*Exercise*. Begin with the line containing "(A 0)) \<and>" and end with the last line of the data below; return those lines exactly, and only those.

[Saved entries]
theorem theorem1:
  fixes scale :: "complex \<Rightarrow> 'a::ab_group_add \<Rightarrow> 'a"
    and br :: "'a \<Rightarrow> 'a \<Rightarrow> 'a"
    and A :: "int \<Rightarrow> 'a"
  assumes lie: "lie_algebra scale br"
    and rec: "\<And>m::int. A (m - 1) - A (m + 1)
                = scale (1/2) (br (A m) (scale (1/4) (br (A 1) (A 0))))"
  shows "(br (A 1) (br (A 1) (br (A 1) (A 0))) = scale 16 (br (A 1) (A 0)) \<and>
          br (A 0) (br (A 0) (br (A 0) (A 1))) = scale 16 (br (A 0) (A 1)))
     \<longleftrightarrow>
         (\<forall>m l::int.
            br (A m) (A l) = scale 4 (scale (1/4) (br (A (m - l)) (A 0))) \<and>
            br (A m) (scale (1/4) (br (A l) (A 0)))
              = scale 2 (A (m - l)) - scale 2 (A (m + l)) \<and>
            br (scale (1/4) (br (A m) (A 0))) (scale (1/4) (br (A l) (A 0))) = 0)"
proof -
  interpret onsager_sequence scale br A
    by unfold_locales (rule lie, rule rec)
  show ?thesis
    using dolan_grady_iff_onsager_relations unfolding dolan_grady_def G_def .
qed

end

*Result for this exercise*.
  shows "(br (A 1) (br (A 1) (br (A 1) (A 0))) = scale 16 (br (A 1) (A 0)) \<and>
          br (A 0) (br (A 0) (br (A 0) (A 1))) = scale 16 (br (A 0) (A 1)))
     \<longleftrightarrow>
         (\<forall>m l::int.
            br (A m) (A l) = scale 4 (scale (1/4) (br (A (m - l)) (A 0))) \<and>
            br (A m) (scale (1/4) (br (A l) (A 0)))
              = scale 2 (A (m - l)) - scale 2 (A (m + l)) \<and>
            br (scale (1/4) (br (A m) (A 0))) (scale (1/4) (br (A l) (A 0))) = 0)"
proof -
  interpret onsager_sequence scale br A
    by unfold_locales (rule lie, rule rec)
  show ?thesis
    using dolan_grady_iff_onsager_relations unfolding dolan_grady_def G_def .
qed

end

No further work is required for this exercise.